■ TASK BRIEF
Check each line of the data for "then", and copy the ones that have it.

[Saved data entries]
# # # # # # #
lemma HamVF_eqI:
  assumes pos: "\<forall>W. W \<noteq> 0 \<longrightarrow> gamma A x W W > 0" and "unitary2 U"
    and Z: "\<forall>Y. gamma A x (J_frame x Y) Z = dH H x Y"
  shows "HamVF A H U x = Z"
  unfolding HamVF_def Omega_def Jop_eq_J_frame[OF \<open>unitary2 U\<close>]
proof (rule the_equality)
  show "\<forall>Y. gamma A x (J_frame x Y) Z = dH H x Y" by (fact Z)
next
  fix Z' assume Z': "\<forall>Y. gamma A x (J_frame x Y) Z' = dH H x Y"
  have "gamma A x (Z' - Z) (Z' - Z) = 0"
    using Z'[rule_format, of "J_frame x (Z - Z')"] Z[rule_format, of "J_frame x (Z - Z')"]
    by (simp add: J_frame_J_frame flip: gamma_diff_right)
  then show "Z' = Z" using pos by (metis less_irrefl right_minus_eq)
qed

theorem proposition5p1:
  fixes A H :: "real \<Rightarrow> real" and U :: cmat and x :: "real^3"
  assumes "smooth_on {0<..} A" and "smooth_on {0<..} H"
    and "\<forall>y::real^3. y \<noteq> 0 \<longrightarrow> (\<forall>X. X \<noteq> 0 \<longrightarrow> gamma A y X X > 0)"
    and "unitary2 U" and "x \<noteq> 0"
  shows "HamVF A H U x =
           (0, (2 * sqrt (1 + (norm x)\<^sup>2) * deriv H (norm x)
                / ((1 + 2 * (norm x)\<^sup>2) * A (norm x) + (norm x + (norm x)^3) * deriv A (norm x)))
               *\<^sub>R ((1 / norm x) *\<^sub>R x))"
proof -
  have pos: "\<forall>W. W \<noteq> 0 \<longrightarrow> gamma A x W W > 0" using assms(3,5) by blast
  then have "gamma A x (0, x) (0, 1 *\<^sub>R x) > 0" using assms(5) by (simp add: zero_prod_def)
  then have D: "radial_coeff A (norm x) \<noteq> 0"
    unfolding gamma_radial_vertical[OF assms(5)] by auto
  have H': "(H has_real_derivative deriv H (norm x)) (at (norm x))"
    using smooth_on_has_real_derivative[OF assms(2)] assms(5) by simp
  define k where "k = 2 * Lambda x * deriv H (norm x) / radial_coeff A (norm x) / norm x"
  have "gamma A x (J_frame x Y) (0, k *\<^sub>R x) = dH H x Y" for Y
    using D Lambda_pos[of x] assms(5)
    by (simp add: gamma_radial_vertical inner_snd_J_frame dH_eq[OF H' assms(5)] k_def)
  then have "HamVF A H U x = (0, k *\<^sub>R x)"
    using HamVF_eqI[OF pos assms(4)] by blast
  then show ?thesis
    by (simp add: k_def Lambda_def radial_coeff_def)
qed

end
# # # # # # #
■ EXERCISE OUTPUT
  then show "Z' = Z" using pos by (metis less_irrefl right_minus_eq)
  then have "gamma A x (0, x) (0, 1 *\<^sub>R x) > 0" using assms(5) by (simp add: zero_prod_def)
  then have D: "radial_coeff A (norm x) \<noteq> 0"
  then have "HamVF A H U x = (0, k *\<^sub>R x)"
  then show ?thesis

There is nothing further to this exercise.